The two detectives left a couple minutes later.
“Well that certainly was fun,” Dev said.
“They’ll be back,” Roxy said. “They won’t let this go. I wouldn’t be surprised if Hanson and his friend were parked around the corner just waiting for the cops to leave. They return to AO without me, they’ll be in deep shit.”
“So what do we do?” Dev asked. “You think those guys would physically try to kidnap you?”
“I don’t know for sure. I’ve never heard of that happening but I wouldn’t put it past them. Usually they just keep hammering a person—verbally—until he eventually breaks down and agrees to go with them.”
“No. They basically just keep repeating what they said before. Like I’ll be throwing away my life unless I go with them. That the Sea Org is most ethical organization in the world. That nobody is doing more good to save the planet than them. That my life is fucked if I don’t go with them. If I stay here, in the Wog world, I’ll be lost for all of eternity.”
“What’s a Wog?” Dev asked.
“Stands for worthy Oriental gentleman. It’s an old English term, I think.”
“Sound condescending and racist.”
“I’m sure it is.”
“I got an idea,” Dev said. “What if Roxy stays with me?”
“No!” I said. A little too quickly.
“But they don’t know where I live. If those Sea Org guys come by again, you can tell em Roxy went to live with her aunt in Saskatchewan.”
“I don’t have an aunt in Saskatchewan or anywhere else,” Roxy said.
“That’s not the point,” Dev said. “The point is to make them think you’ve gone somewhere else. Someplace far away. Like Canada.”
I squeezed Roxy’s hand, imagining her staying with me. In the Little House. Lying next to me in my bed. My hands running up her… “She’ll be okay here,” I said. Snapping out of my short reverie.
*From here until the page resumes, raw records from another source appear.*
lemma slot_word_eq_append_Cons_iff:
  "slot_word slot lo hi = u @ a # v \<longleftrightarrow>
   (\<exists>q. lo \<le> q \<and> q < hi \<and> slot q = Some a \<and> slot_word slot lo q = u \<and> slot_word slot (Suc q) hi = v)"
proof
  assume "slot_word slot lo hi = u @ a # v"
  then have "concat (map opt_word (map slot [lo..<hi])) = u @ a # v"
    by (simp only: slot_word_def)
  from concat_opt_word_eq_append_Cons[OF this] obtain s0 s1 where
    s: "map slot [lo..<hi] = s0 @ Some a # s1" "concat (map opt_word s0) = u" "concat (map opt_word s1) = v"
    by blast
  define q where "q = lo + length s0"
  from arg_cong[OF s(1), of length] have len: "hi - lo = length s0 + Suc (length s1)" by simp
  have "take (length s0) (map slot [lo..<hi]) = s0" "drop (Suc (length s0)) (map slot [lo..<hi]) = s1"
    "map slot [lo..<hi] ! length s0 = Some a" unfolding s(1) by simp_all
  then have "map slot [lo..<q] = s0" "map slot [Suc q..<hi] = s1" "slot q = Some a"
    using len by (simp_all add: q_def take_map drop_map)
  with s(2,3) len show "\<exists>q. lo \<le> q \<and> q < hi \<and> slot q = Some a \<and> slot_word slot lo q = u \<and> slot_word slot (Suc q) hi = v"
    unfolding slot_word_def by (intro exI[of _ q]) (auto simp: q_def)
next
  assume "\<exists>q. lo \<le> q \<and> q < hi \<and> slot q = Some a \<and> slot_word slot lo q = u \<and> slot_word slot (Suc q) hi = v"
  then obtain q where q: "lo \<le> q" "q < hi" "slot q = Some a" "slot_word slot lo q = u" "slot_word slot (Suc q) hi = v"
    by blast
  have "[lo..<hi] = [lo..<q] @ q # [Suc q..<hi]"
    using q(1,2) by (metis le_less_trans less_imp_le_nat upt_conv_Cons upt_add_eq_append le_add_diff_inverse)
  with q show "slot_word slot lo hi = u @ a # v" by (simp add: slot_word_def)
qed

fun monomial_witness ::
  "(nat \<Rightarrow> 'a \<Rightarrow> bool) \<Rightarrow> ('l \<Rightarrow> nat \<Rightarrow> nat \<Rightarrow> 'c \<Rightarrow> bool) \<Rightarrow> 'l \<Rightarrow> ('a \<times> 'l) list \<Rightarrow>
   nat \<Rightarrow> nat \<Rightarrow> nat list \<Rightarrow> 'c list \<Rightarrow> bool" where
  "monomial_witness letter seg L0 [] lo hi [] [c] = seg L0 lo hi c"
| "monomial_witness letter seg L0 ((a, L1) # ps) lo hi (q # qs) (c # cs) =
     (lo \<le> q \<and> q < hi \<and> letter q a \<and> seg L0 lo q c \<and> monomial_witness letter seg L1 ps (Suc q) hi qs cs)"
| "monomial_witness _ _ _ _ _ _ _ _ = False"

lemma monomial_witness_Nil_iff:
  "monomial_witness letter seg L0 [] lo hi qs cs \<longleftrightarrow> qs = [] \<and> (\<exists>c. cs = [c] \<and> seg L0 lo hi c)"
  by (cases qs; cases cs; cases "tl cs") auto

lemma monomial_witness_Cons_iff:
  "monomial_witness letter seg L0 ((a, L1) # ps) lo hi qs cs \<longleftrightarrow>
   (\<exists>q qs' c cs'. qs = q # qs' \<and> cs = c # cs' \<and> lo \<le> q \<and> q < hi \<and> letter q a \<and> seg L0 lo q c \<and>
      monomial_witness letter seg L1 ps (Suc q) hi qs' cs')"
  by (cases qs; cases cs) auto

text \<open>The annotations are unconstrained here; tying them to an arbitrary \<open>f\<close> lets the
  witness later carry Alice's contributions.\<close>
lemma slot_word_in_monomial_iff:
  "slot_word slot lo hi \<in> monomial L0 ps \<longleftrightarrow>
   (\<exists>qs cs. monomial_witness (\<lambda>q a. slot q = Some a) (\<lambda>L i j c. c = f i j \<and> slot_word slot i j \<in> L)
      L0 ps lo hi qs cs)"
proof (induction ps arbitrary: L0 lo)
  case Nil
  then show ?case by (auto simp: monomial_witness_Nil_iff)
next
  case (Cons p ps)
  obtain a L1 where p: "p = (a, L1)" by fastforce
  have "slot_word slot lo hi \<in> monomial L0 (p # ps) \<longleftrightarrow>
    (\<exists>q. lo \<le> q \<and> q < hi \<and> slot q = Some a \<and> slot_word slot lo q \<in> L0 \<and>
         slot_word slot (Suc q) hi \<in> monomial L1 ps)"
  proof -
    have "slot_word slot lo hi \<in> monomial L0 (p # ps) \<longleftrightarrow>
      (\<exists>u v. slot_word slot lo hi = u @ a # v \<and> u \<in> L0 \<and> v \<in> monomial L1 ps)"
      by (auto simp: p conc_def)
    then show ?thesis
      unfolding slot_word_eq_append_Cons_iff by blast
  qed
  also have "\<dots> \<longleftrightarrow> (\<exists>qs cs. monomial_witness (\<lambda>q a. slot q = Some a)
      (\<lambda>L i j c. c = f i j \<and> slot_word slot i j \<in> L) L0 (p # ps) lo hi qs cs)"
    unfolding p monomial_witness_Cons_iff Cons.IH by blast
  finally show ?case .
qed

lemma monomial_witness_cong:
  assumes "\<And>q a. letter q a \<longleftrightarrow> letter' q a"
    and "\<And>L i j c. L \<in> insert L0 (snd ` set ps) \<Longrightarrow> seg L i j c \<longleftrightarrow> seg' L i j c"
  shows "monomial_witness letter seg L0 ps lo hi qs cs \<longleftrightarrow> monomial_witness letter' seg' L0 ps lo hi qs cs"
  using assms by (induction letter seg L0 ps lo hi qs cs rule: monomial_witness.induct) auto

lemma monomial_witness_conj:
  "monomial_witness letter seg L0 ps lo hi qs cs \<and> monomial_witness letter' seg' L0 ps lo hi qs cs \<longleftrightarrow>
   monomial_witness (\<lambda>q a. letter q a \<and> letter' q a) (\<lambda>L i j c. seg L i j c \<and> seg' L i j c) L0 ps lo hi qs cs"
  by (induction letter seg L0 ps lo hi qs cs rule: monomial_witness.induct) auto

lemma monomial_witness_bounds:
  assumes "monomial_witness letter seg L0 ps lo hi qs cs"
    and "\<And>L i j c. seg L i j c \<Longrightarrow> j \<le> hi \<Longrightarrow> c \<in> C"
  shows "set qs \<subseteq> {..<hi} \<and> length qs = length ps \<and> set cs \<subseteq> C \<and> length cs = Suc (length ps)"
  using assms by (induction letter seg L0 ps lo hi qs cs rule: monomial_witness.induct) auto

definition interleave_slots :: "(nat \<Rightarrow> 'a option) \<Rightarrow> (nat \<Rightarrow> 'a option) \<Rightarrow> nat \<Rightarrow> 'a option" where
  "interleave_slots sa sb i = (if even i then sa i else sb i)"
(* Let $G\in\mathcal{G}(\widehat{C}_6,\widehat{C}_7)$, let $x\in V(G)$, let $A$ be a connected component of $G[N_2(x)]$ not belonging to $A^*$, and let $a,b$ be adjacent vertices of $A$ with $|N(a)\cap D|=|N(b)\cap D|=2$. Then there is no independent set $S\subseteq N_2(x)\setminus V(A^* )$ with $D\subseteq N(S)$.
   Context: All graphs are finite, simple and undirected. $\mathcal{G}(\widehat{C}_6,\widehat{C}_7)$ is the family of graphs with no subgraph (not necessarily induced) isomorphic to $C_6$ or $C_7$. For a vertex set $S$, $N_i(S)$ is the set of vertices at distance exactly $i$ from $S$, $N(S)=N_1(S)$, $N(v)=N(\{v\})$, $N_2(v)=N_2(\{v\})$ (all in $G$). $A^*$ is the set of connected components $A$ of $G[N_2(x)]$ for which there exists a vertex $a\in V(A)$ with $N(x)\cap N(a)=N(x)\cap N(V(A))$; $V(A^* )$ is the union of their vertex sets; and $D=N(x)\setminus N(V(A^* ))$. *)

theory Defs
  imports Main
begin

definition simple_graph :: "'a set \<Rightarrow> ('a \<Rightarrow> 'a \<Rightarrow> bool) \<Rightarrow> bool" where
  "simple_graph V E \<longleftrightarrow> finite V \<and> (\<forall>u v. E u v \<longrightarrow> u \<in> V \<and> v \<in> V)
     \<and> (\<forall>u v. E u v \<longrightarrow> E v u) \<and> (\<forall>v. \<not> E v v)"

definition has_cycle :: "'a set \<Rightarrow> ('a \<Rightarrow> 'a \<Rightarrow> bool) \<Rightarrow> nat \<Rightarrow> bool" where
  "has_cycle V E k \<longleftrightarrow> (\<exists>f. inj_on f {0..<k} \<and> f ` {0..<k} \<subseteq> V
       \<and> (\<forall>i<k. E (f i) (f ((i + 1) mod k))))"
lemma hub_walk_decomp:
  assumes "walk_from_to m n 1 j w" "n \<ge> 3" "q * n < length w"
  obtains r where "\<forall>t\<in>{1..q}. r t \<in> {1..m}" "w = wcomp (drop (q * n) w) (cycs n r q)"
    and "walk_from_to m n 1 j (drop (q * n) w)"
proof -
  obtain r where r: "\<forall>t\<in>{1..q}. r t \<in> {1..m}" "take (Suc (q * n)) w = cycs n r q"
    using hub_walk_take_cycs[OF assms] by auto
  then have "w ! (q * n) = 1"
    using walk_from_to_take[OF assms(1,3)] by (simp add: walk_from_to_def last_cycs)
  then show thesis
    using that[OF r(1)] r(2) wcomp_drop_take[OF assms(3)] walk_from_to_drop[OF assms(1,3)] by simp
qed

lemma blade_walk_unique:
  assumes "walk_from_to m n (blade_vertex n k l) j w" "walk_from_to m n (blade_vertex n k l) j w'"
    and "n \<ge> 3" "k \<in> {1..m}" "l \<in> {2..n}" "length w = length w'" "length w \<le> n - l + 2"
  shows "w = w'"
proof (rule nth_equalityI)
  fix e assume e: "e < length w"
  have walks: "is_walk m n w" "is_walk m n w'" using assms(1,2) by (simp_all add: walk_from_to_def)
  note starts = walk_from_to_nth_0[OF assms(1)] walk_from_to_nth_0[OF assms(2)]
  consider "e \<le> n - l" | "e = n - l + 1" using e assms(7) by linarith
  then show "w ! e = w' ! e"
  proof cases
    case 1
    then have "l + e \<le> n" using assms(5) by auto
    then show ?thesis
      using is_walk_nth_blade[OF walks(1) assms(3,4) starts(1), of e]
        is_walk_nth_blade[OF walks(2) assms(3,4) starts(2), of e] e assms(5,6) by simp
  next
    case 2
    then show ?thesis
      using is_walk_nth_blade_exit[OF walks(1) assms(3,4) starts(1)]
        is_walk_nth_blade_exit[OF walks(2) assms(3,4) starts(2)] e assms(5,6) by simp
  qed
qed (rule assms(6))
text \<open>dbar = inf {d : h(d) = C_r}, in the extended reals (inf of the empty set is +infinity).\<close>
definition dbar :: "(real \<Rightarrow> real) \<Rightarrow> real \<Rightarrow> ereal" where
  "dbar h Cr = Inf {ereal d | d. 0 \<le> d \<and> h d = Cr}"

text \<open>Ball with extended-real radius (radius +infinity gives the whole space).\<close>
definition ball_ext :: "'a::metric_space \<Rightarrow> ereal \<Rightarrow> 'a set" where
  "ball_ext y r = {x. ereal (dist y x) < r}"

end

theory Submission
  imports Defs
begin

text \<open>
  Let \<open>\<sigma>(z) = max 0 (C\<^sub>r - h |z|)\<close> (\<open>approx_saving\<close>) be what a cached object
  at offset \<open>z\<close> from a request saves over retrieving it.  A request at \<open>x\<close> costs
  \<open>C\<^sub>r - max\<^sub>y \<sigma>(x - y)\<close>, which is at least \<open>C\<^sub>r - \<Sum>\<^sub>y \<sigma>(x - y)\<close>.  Integrating
  over X and using the translation invariance of Lebesgue measure, every state of k objects
  costs at least \<open>\<lambda> (C\<^sub>r |X| - k \<integral>\<sigma>)\<close>.  As \<sigma> vanishes outside the closed ball of
  radius \<open>dbar\<close>, for a state whose balls lie in X and overlap only in null sets almost
  every request has at most one nonzero saving, and no saving is lost outside X; so both
  inequalities are equalities and the state attains the bound.
\<close>

lemma INF_ereal_eq_Min:
  assumes "finite S" "S \<noteq> {}"
  shows "(INF y\<in>S. ereal (g y)) = ereal (MIN y\<in>S. g y)"
proof -
  have "ereal (MIN y\<in>S. g y) = Min (ereal ` g ` S)"
    using assms by (intro mono_Min_commute) (auto simp: mono_def)
  also have "\<dots> = (INF y\<in>S. ereal (g y))"
    using assms by (simp add: Min_Inf image_image)
  finally show ?thesis ..
qed

lemma lebesgue_translation:
  fixes f :: "'a::euclidean_space \<Rightarrow> 'b::{banach, second_countable_topology}"
  assumes [measurable]: "f \<in> borel_measurable borel"
  shows integrable_lebesgue_translate: "integrable lebesgue (\<lambda>x. f (x - y)) \<longleftrightarrow> integrable lebesgue f"
    and integral_lebesgue_translate: "integral\<^sup>L lebesgue (\<lambda>x. f (x - y)) = integral\<^sup>L lebesgue f"
proof -
  have shift: "(\<lambda>x. f (x - y)) = (\<lambda>x. f (- y + x))"
    by simp
  have "integrable lebesgue (\<lambda>x. f (x - y)) \<longleftrightarrow> integrable (distr lborel borel ((+) (- y))) f"
    unfolding shift by (subst integrable_distr_eq) (auto simp: integrable_completion)
  then show "integrable lebesgue (\<lambda>x. f (x - y)) \<longleftrightarrow> integrable lebesgue f"
    by (simp add: lborel_distr_plus integrable_completion)
  have "integral\<^sup>L lebesgue (\<lambda>x. f (x - y)) = integral\<^sup>L (distr lborel borel ((+) (- y))) f"
    unfolding shift by (subst integral_distr) (auto simp: integral_completion)
  then show "integral\<^sup>L lebesgue (\<lambda>x. f (x - y)) = integral\<^sup>L lebesgue f"
    by (simp add: lborel_distr_plus integral_completion)
qed

lemma set_integrable_bounded:
  fixes f :: "'a \<Rightarrow> real"
  assumes "A \<in> fmeasurable M" "f \<in> borel_measurable M"
    and "\<And>x. x \<in> A \<Longrightarrow> \<bar>f x\<bar> \<le> B"
  shows "set_integrable M A f"
proof (rule set_integrable_bound[where f = "\<lambda>_. B"])
  show "set_integrable M A (\<lambda>_. B)"
    using assms(1) by (simp add: set_integrable_def fmeasurable_def)
  show "set_borel_measurable M A f"
    using assms(1,2) by (simp add: set_borel_measurable_def)
  show "AE x in M. x \<in> A \<longrightarrow> norm (f x) \<le> norm B"
    using assms(3) by (auto intro!: AE_I2 order_trans[OF _ abs_ge_self])
qed

lemma set_integral_sum:
  fixes f :: "'i \<Rightarrow> 'a \<Rightarrow> real"
  assumes "\<And>i. i \<in> I \<Longrightarrow> set_integrable M A (f i)"
  shows "set_integrable M A (\<lambda>x. \<Sum>i\<in>I. f i x)"
    and "(LINT x:A|M. (\<Sum>i\<in>I. f i x)) = (\<Sum>i\<in>I. LINT x:A|M. f i x)"
  using assms unfolding set_integrable_def set_lebesgue_integral_def
  by (simp_all add: sum_distrib_left Bochner_Integration.integral_sum)

lemma AE_not_in_sphere: "AE x in lebesgue. x \<notin> sphere (y::'a::euclidean_space) r"
  by (rule AE_not_in) (simp add: negligible_iff_null_sets[symmetric] negligible_sphere)

lemma ball_ext_ereal [simp]: "ball_ext y (ereal r) = ball y r"
  by (auto simp: ball_ext_def)

lemma ball_ext_PInf [simp]: "ball_ext y \<infinity> = UNIV"
  by (auto simp: ball_ext_def)

lemma dbar_nonneg: "0 \<le> dbar h Cr"
  unfolding dbar_def by (auto intro!: Inf_greatest)

definition approx_saving :: "(real \<Rightarrow> real) \<Rightarrow> real \<Rightarrow> 'a::real_normed_vector \<Rightarrow> real" where
  "approx_saving h Cr z = max 0 (Cr - h (norm z))"

lemma approx_saving_nonneg: "0 \<le> approx_saving h Cr z"
  by (simp add: approx_saving_def)

lemma req_cost_eq_Min:
  assumes "finite S" "S \<noteq> {}"
  shows "req_cost h Cr S x = (MIN y\<in>S. Cr - approx_saving h Cr (x - y))"
proof -
  have "req_cost h Cr S x = min (MIN y\<in>S. h (dist x y)) Cr"
    unfolding req_cost_def INF_ereal_eq_Min[OF assms] by (simp add: min_def)
  also have "\<dots> = (MIN y\<in>S. min (h (dist x y)) Cr)"
    using assms by (subst Min.hom_commute[where h = "\<lambda>m. min m Cr"])
      (auto simp: image_image min.left_commute min.assoc)
  also have "\<dots> = (MIN y\<in>S. Cr - approx_saving h Cr (x - y))"
    by (intro arg_cong[where f = Min] image_cong) (auto simp: approx_saving_def dist_norm)
  finally show ?thesis .
qed

lemma req_cost_ge_sum_approx_saving:
  assumes "finite S" "S \<noteq> {}"
  shows "Cr - (\<Sum>y\<in>S. approx_saving h Cr (x - y)) \<le> req_cost h Cr S x"
  unfolding req_cost_eq_Min[OF assms] using assms
  by (auto intro!: member_le_sum approx_saving_nonneg)

lemma req_cost_eq_sum_approx_saving:
  assumes "finite S" "S \<noteq> {}"
    and unique: "\<And>y y'. y \<in> S \<Longrightarrow> y' \<in> S \<Longrightarrow> approx_saving h Cr (x - y) \<noteq> 0 \<Longrightarrow>
      approx_saving h Cr (x - y') \<noteq> 0 \<Longrightarrow> y = y'"
  shows "req_cost h Cr S x = Cr - (\<Sum>y\<in>S. approx_saving h Cr (x - y))"
proof -
  let ?s = "\<lambda>y. approx_saving h Cr (x - y)"
  obtain y1 where "y1 \<in> S" and y1: "?s y1 = (\<Sum>y\<in>S. ?s y)"
  proof (cases "\<exists>y1\<in>S. ?s y1 \<noteq> 0")
    case True
    then obtain y1 where "y1 \<in> S" "?s y1 \<noteq> 0" by blast
    moreover have "(\<Sum>y\<in>S. ?s y) = (\<Sum>y\<in>{y1}. ?s y)"
      using calculation unique assms(1) by (intro sum.mono_neutral_right) auto
    ultimately show ?thesis using that by simp
  next
    case False
    then show ?thesis using that assms(2) by force
  qed
  have "Cr - (\<Sum>y\<in>S. ?s y) \<le> Cr - ?s y" if "y \<in> S" for y
    using that assms(1) by (simp add: member_le_sum[where f = ?s] approx_saving_nonneg)
  then show ?thesis
    unfolding req_cost_eq_Min[OF assms(1,2)] using \<open>y1 \<in> S\<close> assms(1)
    by (intro Min_eqI) (auto simp: y1[symmetric])
qed

context
  fixes h :: "real \<Rightarrow> real" and Cr :: real
  assumes h_mono: "mono_on {0..} h"
begin

lemma borel_measurable_approx_saving [measurable]:
  "approx_saving h Cr \<in> borel_measurable (borel :: 'a::real_normed_vector measure)"
proof -
  have "mono (\<lambda>d. h (max 0 d))"
    by (intro monoI mono_onD[OF h_mono]) auto
  then have [measurable]: "(\<lambda>d. h (max 0 d)) \<in> borel_measurable borel"
    by (rule borel_measurable_mono)
  have "approx_saving h Cr = (\<lambda>z::'a. max 0 (Cr - h (max 0 (norm z))))"
    by (simp add: approx_saving_def fun_eq_iff)
  then show ?thesis
    by (simp only:) measurable
qed

lemma approx_saving_le: "approx_saving h Cr z \<le> max 0 (Cr - h 0)"
  using mono_onD[OF h_mono, of 0 "norm z"] by (auto simp: approx_saving_def)

lemma approx_saving_eq_0:
  assumes "dbar h Cr < ereal (norm z)"
  shows "approx_saving h Cr z = 0"
proof -
  obtain d where "0 \<le> d" "h d = Cr" "d < norm z"
    using assms by (auto simp: dbar_def Inf_less_iff)
  then have "Cr \<le> h (norm z)"
    using mono_onD[OF h_mono, of d "norm z"] by auto
  then show ?thesis
    by (simp add: approx_saving_def)
qed

lemma req_cost_bounds:
  assumes "finite S" "S \<noteq> {}"
  shows "min (h 0) Cr \<le> req_cost h Cr S x" "req_cost h Cr S x \<le> Cr"
proof -
  have "min (h 0) Cr \<le> Cr - approx_saving h Cr (x - y)" for y
    using approx_saving_le[of "x - y"] by linarith
  then show "min (h 0) Cr \<le> req_cost h Cr S x"
    using assms by (simp add: req_cost_eq_Min)
  show "req_cost h Cr S x \<le> Cr"
    using assms approx_saving_nonneg by (auto simp: req_cost_eq_Min Min_le_iff)
qed

lemma borel_measurable_req_cost:
  assumes "finite S" "S \<noteq> {}"
  shows "req_cost h Cr S \<in> borel_measurable (borel :: 'a::euclidean_space measure)"
  unfolding req_cost_eq_Min[OF assms, abs_def] using assms(1) by measurable

lemma integrable_approx_saving:
  assumes "dbar h Cr \<noteq> \<infinity>"
  shows "integrable lebesgue (approx_saving h Cr :: 'a::euclidean_space \<Rightarrow> real)"
proof -
  obtain r where r: "dbar h Cr < ereal r"
    using assms less_PInf_Ex_of_nat by blast
  let ?B = "max 0 (Cr - h 0)"
  show ?thesis
  proof (rule Bochner_Integration.integrable_bound[where f = "\<lambda>x. ?B * indicator (cball 0 r) x"])
    show "integrable lebesgue (\<lambda>x::'a. ?B * indicator (cball 0 r) x)"
      using lmeasurable_cball[of "0::'a" r]
      by (intro integrable_mult_right integrable_real_indicator) (auto simp: fmeasurable_def)
    show "approx_saving h Cr \<in> borel_measurable lebesgue"
      by (simp add: measurable_completion)
    have "norm (approx_saving h Cr x) \<le> norm (?B * indicator (cball 0 r) x)" for x :: 'a
    proof (cases "x \<in> cball 0 r")
      case True
      then show ?thesis
        using approx_saving_le[of x] approx_saving_nonneg[of h Cr x] by simp
    next
      case False
      then have "dbar h Cr < ereal (norm x)"
        using r by (simp add: less_trans)
      then show ?thesis
        by (simp add: approx_saving_eq_0)
    qed
    then show "AE x in lebesgue.
        norm (approx_saving h Cr (x::'a)) \<le> norm (?B * indicator (cball 0 r) x)"
      by simp
  qed
qed

lemma set_integrable_approx_saving:
  assumes "X \<in> fmeasurable lebesgue"
  shows "set_integrable lebesgue X (\<lambda>x::'a::euclidean_space. approx_saving h Cr (x - y))"
proof (rule set_integrable_bounded[OF assms])
  show "(\<lambda>x::'a. approx_saving h Cr (x - y)) \<in> borel_measurable lebesgue"
    by (simp add: measurable_completion)
  show "\<bar>approx_saving h Cr (x - y)\<bar> \<le> max 0 (Cr - h 0)" for x :: 'a
    using approx_saving_le[of "x - y"] approx_saving_nonneg[of h Cr "x - y"] by simp
qed

lemma set_integrable_req_cost:
  assumes "X \<in> fmeasurable lebesgue" "finite T" "T \<noteq> {}"
  shows "set_integrable lebesgue X (req_cost h Cr (T :: 'a::euclidean_space set))"
proof (rule set_integrable_bounded[OF assms(1)])
  show "req_cost h Cr T \<in> borel_measurable lebesgue"
    using borel_measurable_req_cost[OF assms(2,3)] by (simp add: measurable_completion)
  show "\<bar>req_cost h Cr T x\<bar> \<le> \<bar>h 0\<bar> + \<bar>Cr\<bar>" for x
    using req_cost_bounds[OF assms(2,3), of x] by (auto simp: min_def abs_le_iff split: if_splits)
qed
“But you don’t know that for sure,” Dev said. “They could snatch her away while you were at school. You can’t be with her all the time. And even if you were, they could show up with six guys instead of two and they’d overpower the fuck out of you.”
Everything he said was true. “They’re not gonna come back,” I said.
“No, dude. They will be back. You heard what Roxy said. They won’t give up.”
“Well… She can’t stay at your house forever, either.”
“She could crash at Cindy’s,” Dev said.
“And how long would she stay there?”
“Until things cooled down. Like until this situation was resolved.”
“But how long would that be? A couple of weeks? A month? A year?”
“I don’t know. They’ll have to give up eventually. It’s not like they’re gonna post people here forever. We’ll just have to play things by ear.”
I turned to Roxy. “You think they’ll hold on to this?”
“For a while, at least. I think.” She shrugged. “I don’t know. They might.” She closed her eyes and leaned her head back on the couch.
“I think we gotta just play it by ear, guys,” Dev repeated. “See what happens.”
The only thing I wanted to see happening was Roxy living with me in the Little House.